Use meaningful state keys

Name state fields for what they represent, not how they're used. retrieved_documents beats docs. plan_steps_remaining beats steps. When you come back to a graph in three months, clear names are the best documentation you have.

Handle errors at the node level

Wrap LLM calls and tool invocations in try/except blocks inside the node. Write error information into state (e.g., last_error) so downstream conditional edges can route to a fallback path instead of crashing the entire graph.

Test routing logic separately

Conditional edge functions are pure functions of state — they take a state dict and return a string. Test them with plain unit tests and synthetic state dicts.
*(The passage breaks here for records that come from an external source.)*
lemma tendsto_min_filterlim_at_top:
  fixes a K :: "'b \<Rightarrow> real"
  assumes "(a \<longlongrightarrow> L) F" "filterlim K at_top F"
  shows "((\<lambda>n. min (a n) (K n)) \<longlongrightarrow> L) F"
proof -
  have "eventually (\<lambda>n. a n < L + 1) F"
    using order_tendstoD(2)[OF assms(1)] by simp
  moreover have "eventually (\<lambda>n. L + 1 \<le> K n) F"
    using assms(2) by (simp add: filterlim_at_top)
  ultimately have "eventually (\<lambda>n. a n = min (a n) (K n)) F"
    by eventually_elim simp
  then show ?thesis
    using assms(1) by (rule Lim_transform_eventually[rotated])
qed

lemma prefix_max_le_running_max:
  assumes "continuous_on {0..T} (\<lambda>s. X s \<omega>)" "\<And>k. k \<le> N \<Longrightarrow> t k \<in> {0..T}"
  shows "prefix_max (\<lambda>k. X (t k) \<omega>) N \<le> running_max X T \<omega>"
proof -
  have "bdd_above ((\<lambda>s. X s \<omega>) ` {0..T})"
    using assms(1) by (intro bounded_imp_bdd_above compact_imp_bounded compact_continuous_image) auto
  then show ?thesis
    unfolding running_max_def using assms(2) by (intro prefix_max_le cSup_upper) auto
qed

lemma truncated_grid_max_tendsto_running_max:
  assumes "continuous_on {0..T} (\<lambda>s. X s \<omega>)" "0 < T"
  shows "(\<lambda>n. min (prefix_max (\<lambda>k. X (grid T (Suc n) k) \<omega>) (Suc n)) (c + real n))
           \<longlonglongrightarrow> running_max X T \<omega>"
  unfolding running_max_def using assms
  by (intro tendsto_min_filterlim_at_top prefix_max_grid_tendsto_Sup
      filterlim_tendsto_add_at_top[OF tendsto_const filterlim_real_sequentially])

lemma nn_integral_affine_le_of_tendsto:
  fixes f :: "nat \<Rightarrow> 'a \<Rightarrow> ennreal"
  assumes "\<And>n. f n \<in> borel_measurable M" "\<And>\<omega>. \<omega> \<in> space M \<Longrightarrow> (\<lambda>n. f n \<omega>) \<longlonglongrightarrow> g \<omega>"
    and "c < \<top>" "\<And>n. c * integral\<^sup>N M (f n) + d \<le> A"
  shows "c * integral\<^sup>N M g + d \<le> A"
proof -
  have "integral\<^sup>N M g = (\<integral>\<^sup>+\<omega>. liminf (\<lambda>n. f n \<omega>) \<partial>M)"
    using assms(2) by (intro nn_integral_cong lim_imp_Liminf[symmetric]) auto
  also have "\<dots> \<le> liminf (\<lambda>n. integral\<^sup>N M (f n))"
    using assms(1) by (rule nn_integral_liminf)
  finally have "c * integral\<^sup>N M g + d \<le> c * liminf (\<lambda>n. integral\<^sup>N M (f n)) + d"
    by (intro add_right_mono mult_left_mono) auto
  also have "\<dots> = liminf (\<lambda>n. c * integral\<^sup>N M (f n) + d)"
  proof (rule Liminf_compose_continuous_mono[symmetric])
    show "continuous_on UNIV (\<lambda>x. c * x + d)"
      using assms(3) by (intro continuous_intros ennreal_continuous_on_cmult)
    show "mono (\<lambda>x. c * x + d)" by (intro monoI add_right_mono mult_left_mono) auto
  qed simp
  also have "\<dots> \<le> A" using assms(4) by (intro Liminf_le) auto
  finally show ?thesis .
qed

lemma filtration_on_measurable_mono:
  assumes "filtration_on M T F" "s \<in> {0..T}" "t \<in> {0..T}" "s \<le> t" "f \<in> borel_measurable (F s)"
  shows "f \<in> borel_measurable (F t)"
proof -
  have "subalgebra (F t) (F s)"
    using assms(1-4) unfolding filtration_on_def subalgebra_def by auto
  then show ?thesis using assms(5) by (rule measurable_from_subalg)
qed

lemma filtration_on_measurable:
  assumes "filtration_on M T F" "t \<in> {0..T}" "f \<in> borel_measurable (F t)"
  shows "f \<in> borel_measurable M"
  using assms measurable_from_subalg unfolding filtration_on_def by blast

lemma submartingale_on_measurable:
  "submartingale_on M T F X \<Longrightarrow> s \<in> {0..T} \<Longrightarrow> X s \<in> borel_measurable M"
  using filtration_on_measurable unfolding submartingale_on_def by blast

lemma integrable_bounded_mult:
  fixes g h :: "'a \<Rightarrow> real"
  assumes "integrable M h" "g \<in> borel_measurable M" "\<And>\<omega>. \<omega> \<in> space M \<Longrightarrow> \<bar>g \<omega>\<bar> \<le> B"
  shows "integrable M (\<lambda>\<omega>. g \<omega> * h \<omega>)"
proof (rule Bochner_Integration.integrable_bound)
  show "integrable M (\<lambda>\<omega>. B * h \<omega>)" using assms(1) by simp
  show "AE \<omega> in M. norm (g \<omega> * h \<omega>) \<le> norm (B * h \<omega>)"
  proof (intro AE_I2)
    fix \<omega> assume "\<omega> \<in> space M"
    then have "\<bar>g \<omega>\<bar> \<le> \<bar>B\<bar>" using assms(3) by force
    then show "norm (g \<omega> * h \<omega>) \<le> norm (B * h \<omega>)"
      by (simp add: abs_mult mult_right_mono)
  qed
qed (use assms(1,2) in measurable)

lemma submartingale_on_integral_mult_mono:
  assumes "prob_space M" and sub: "submartingale_on M T F X"
    and st: "s \<in> {0..T}" "t \<in> {0..T}" "s \<le> t"
    and g: "g \<in> borel_measurable (F s)" "\<And>\<omega>. \<omega> \<in> space M \<Longrightarrow> 0 \<le> g \<omega> \<and> g \<omega> \<le> B"
  shows "(\<integral>\<omega>. g \<omega> * X s \<omega> \<partial>M) \<le> (\<integral>\<omega>. g \<omega> * X t \<omega> \<partial>M)"
proof -
  interpret prob_space M by fact
  have filt: "filtration_on M T F" using sub unfolding submartingale_on_def by blast
  then interpret finite_measure_subalgebra M "F s"
    using st(1) by unfold_locales (simp add: filtration_on_def)
  have gM: "g \<in> borel_measurable M" by (rule filtration_on_measurable[OF filt st(1) g(1)])
  have X: "integrable M (X s)" "integrable M (X t)" "X t \<in> borel_measurable M"
    using sub st unfolding submartingale_on_def by auto
  have gX: "integrable M (\<lambda>\<omega>. g \<omega> * X r \<omega>)" if "integrable M (X r)" for r
    using that gM g(2) by (intro integrable_bounded_mult[where B = B]) auto
  have ce: "integrable M (\<lambda>\<omega>. g \<omega> * real_cond_exp M (F s) (X t) \<omega>)"
    "(\<integral>\<omega>. g \<omega> * real_cond_exp M (F s) (X t) \<omega> \<partial>M) = (\<integral>\<omega>. g \<omega> * X t \<omega> \<partial>M)"
    using real_cond_exp_intg[OF gX[OF X(2)] g(1) X(3)] by auto
  have "AE \<omega> in M. X s \<omega> \<le> real_cond_exp M (F s) (X t) \<omega>"
    using sub st unfolding submartingale_on_def by auto
  then have "(\<integral>\<omega>. g \<omega> * X s \<omega> \<partial>M) \<le> (\<integral>\<omega>. g \<omega> * real_cond_exp M (F s) (X t) \<omega> \<partial>M)"
    using g(2) by (intro integral_mono_AE[OF gX[OF X(1)] ce(1)]) (auto intro: mult_left_mono)
  then show ?thesis using ce(2) by simp
qed

lemma submartingale_on_transform_integral_nonneg:
  assumes "prob_space M" and sub: "submartingale_on M T F X"
    and t: "mono t" "\<And>k. k \<le> N \<Longrightarrow> t k \<in> {0..T}"
    and g: "\<And>k. k < N \<Longrightarrow> g k \<in> borel_measurable (F (t k))"
      "\<And>k \<omega>. k < N \<Longrightarrow> \<omega> \<in> space M \<Longrightarrow> 0 \<le> g k \<omega> \<and> g k \<omega> \<le> B"
  shows "integrable M (\<lambda>\<omega>. \<Sum>k<N. (X (t (Suc k)) \<omega> - X (t k) \<omega>) * g k \<omega>)"
    and "0 \<le> (\<integral>\<omega>. (\<Sum>k<N. (X (t (Suc k)) \<omega> - X (t k) \<omega>) * g k \<omega>) \<partial>M)"
proof -
  have filt: "filtration_on M T F" using sub unfolding submartingale_on_def by blast
  have gX: "integrable M (\<lambda>\<omega>. g k \<omega> * X (t j) \<omega>)" if "k < N" "j \<le> N" for k j
  proof (rule integrable_bounded_mult[where B = B])
    show "integrable M (X (t j))" using sub t(2)[OF that(2)] unfolding submartingale_on_def by blast
    show "g k \<in> borel_measurable M" using filtration_on_measurable[OF filt t(2) g(1)] that by simp
  qed (use g(2) that in force)
  have incr: "integrable M (\<lambda>\<omega>. (X (t (Suc k)) \<omega> - X (t k) \<omega>) * g k \<omega>)"
    "0 \<le> (\<integral>\<omega>. (X (t (Suc k)) \<omega> - X (t k) \<omega>) * g k \<omega> \<partial>M)" if "k < N" for k
  proof -
    have "(\<integral>\<omega>. g k \<omega> * X (t k) \<omega> \<partial>M) \<le> (\<integral>\<omega>. g k \<omega> * X (t (Suc k)) \<omega> \<partial>M)"
      using that t by (intro submartingale_on_integral_mult_mono[OF assms(1) sub _ _ _ g])
        (auto simp: mono_def)
    moreover have "(\<lambda>\<omega>. (X (t (Suc k)) \<omega> - X (t k) \<omega>) * g k \<omega>)
        = (\<lambda>\<omega>. g k \<omega> * X (t (Suc k)) \<omega> - g k \<omega> * X (t k) \<omega>)"
      by (auto simp: algebra_simps)
    ultimately show "integrable M (\<lambda>\<omega>. (X (t (Suc k)) \<omega> - X (t k) \<omega>) * g k \<omega>)"
      "0 \<le> (\<integral>\<omega>. (X (t (Suc k)) \<omega> - X (t k) \<omega>) * g k \<omega> \<partial>M)"
      using gX[of k k] gX[of k "Suc k"] that by auto
  qed
  show "integrable M (\<lambda>\<omega>. \<Sum>k<N. (X (t (Suc k)) \<omega> - X (t k) \<omega>) * g k \<omega>)"
    using incr(1) by auto
  show "0 \<le> (\<integral>\<omega>. (\<Sum>k<N. (X (t (Suc k)) \<omega> - X (t k) \<omega>) * g k \<omega>) \<partial>M)"
    using incr by (subst Bochner_Integration.integral_sum) (auto intro!: sum_nonneg)
qed

lemma submartingale_on_sampled_doob:
  assumes "prob_space M" and sub: "submartingale_on M T F X"
    and t: "mono t" "\<And>k. k \<le> N \<Longrightarrow> t k \<in> {0..T}"
    and x0: "\<forall>\<omega>\<in>space M. X (t 0) \<omega> = x0" "0 \<le> x0" "x0 \<le> K" and "p > 0"
  defines "m \<equiv> \<lambda>k \<omega>. min (prefix_max (\<lambda>j. X (t j) \<omega>) k) K"
  shows "integrable M (\<lambda>\<omega>. X (t N) \<omega> * m N \<omega> powr p)"
    and "integrable M (\<lambda>\<omega>. m N \<omega> powr (p + 1))"
    and "p / (p + 1) * (\<integral>\<omega>. m N \<omega> powr (p + 1) \<partial>M) + x0 powr (p + 1) / (p + 1)
           \<le> (\<integral>\<omega>. X (t N) \<omega> * m N \<omega> powr p \<partial>M)"
proof -
  interpret prob_space M by fact
  have filt: "filtration_on M T F" using sub unfolding submartingale_on_def by blast
  have m_meas: "m k \<in> borel_measurable (F (t k))" if "k \<le> N" for k
  proof -
    have "X (t j) \<in> borel_measurable (F (t k))" if "j \<le> k" for j
    proof (rule filtration_on_measurable_mono[OF filt t(2) t(2) monoD[OF t(1) that]])
      show "X (t j) \<in> borel_measurable (F (t j))"
        using sub t(2) \<open>k \<le> N\<close> that unfolding submartingale_on_def by auto
    qed (use \<open>k \<le> N\<close> that in auto)
    then have "(\<lambda>\<omega>. prefix_max (\<lambda>j. X (t j) \<omega>) k) \<in> borel_measurable (F (t k))"
      by (rule prefix_max_measurable)
    then show ?thesis unfolding m_def by measurable
  qed
  have m_bounds: "0 \<le> m k \<omega> \<and> m k \<omega> \<le> K" if "\<omega> \<in> space M" for k \<omega>
    using prefix_max_nonneg[of "\<lambda>j. X (t j) \<omega>" k] x0 that unfolding m_def by auto
  then have m_powr_bounds: "0 \<le> m k \<omega> powr q \<and> m k \<omega> powr q \<le> K powr q"
    if "\<omega> \<in> space M" "0 \<le> q" for k \<omega> q
    using that by (auto intro: powr_mono2)
  have mM: "(\<lambda>\<omega>. m N \<omega> powr q) \<in> borel_measurable M" for q
    using filtration_on_measurable[OF filt t(2) m_meas] by measurable
  have XN: "integrable M (X (t N))" using sub t(2) unfolding submartingale_on_def by blast
  show int1: "integrable M (\<lambda>\<omega>. X (t N) \<omega> * m N \<omega> powr p)"
    using integrable_bounded_mult[OF XN mM, of p "K powr p"] m_powr_bounds[of _ p] \<open>p > 0\<close>
    by (simp add: mult.commute)
  show int2: "integrable M (\<lambda>\<omega>. m N \<omega> powr (p + 1))"
    using m_powr_bounds[of _ "p + 1"] \<open>p > 0\<close>
    by (intro integrable_const_bound[where B = "K powr (p + 1)"] mM) auto
  define S where "S \<omega> = (\<Sum>k<N. (X (t (Suc k)) \<omega> - X (t k) \<omega>) * m k \<omega> powr p)" for \<omega>
  have S: "integrable M S" "0 \<le> (\<integral>\<omega>. S \<omega> \<partial>M)"
    unfolding S_def using m_meas m_powr_bounds[of _ p] \<open>p > 0\<close>
    by (intro submartingale_on_transform_integral_nonneg[OF assms(1) sub t, where B = "K powr p"];
        force simp: powr_gt_zero)+
  have "x0 powr (p + 1) / (p + 1) + S \<omega> \<le> doob_potential p (X (t N) \<omega>) (m N \<omega>)"
    if "\<omega> \<in> space M" for \<omega>
    using doob_potential_truncated_max_telescope[of "\<lambda>j. X (t j) \<omega>" K p N]
      doob_potential_diag[of x0 p] x0 that \<open>p > 0\<close>
    unfolding S_def m_def by simp
  then have "(\<integral>\<omega>. x0 powr (p + 1) / (p + 1) + S \<omega> \<partial>M)
      \<le> (\<integral>\<omega>. X (t N) \<omega> * m N \<omega> powr p - p / (p + 1) * m N \<omega> powr (p + 1) \<partial>M)"
    using S int1 int2 unfolding doob_potential_def by (intro integral_mono) auto
  then show "p / (p + 1) * (\<integral>\<omega>. m N \<omega> powr (p + 1) \<partial>M) + x0 powr (p + 1) / (p + 1)
      \<le> (\<integral>\<omega>. X (t N) \<omega> * m N \<omega> powr p \<partial>M)"
    using S int1 int2 by (simp add: prob_space)
qed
Don't rely on end-to-end graph runs to verify routing.

# Unit test for routing — no LLM needed
def test_should_continue_with_remaining_steps():
    state = {"plan": ["step2", "step3"], "final_answer": ""}
    assert should_continue(state) == "executor"

def test_should_continue_when_plan_empty():
    state = {"plan": [], "final_answer": "done"}
    assert should_continue(state) == "__end__"

Use subgraphs for team boundaries

When multiple teams contribute to the same application, give each team a subgraph with a well-defined input/output state schema. The parent graph calls into each subgraph as a single node. This keeps ownership clear and lets teams iterate independently without merge conflicts in one massive graph definition.

Prefer create_react_agent first

Before building a custom graph, ask: "Would a standard ReAct loop with tools solve this?" LangGraph ships create_react_agent, which wires up the agent → tool → agent loop for you. Reach for a custom StateGraph only when you need custom state, conditional routing, human-in-the-loop checkpoints, or multi-agent coordination.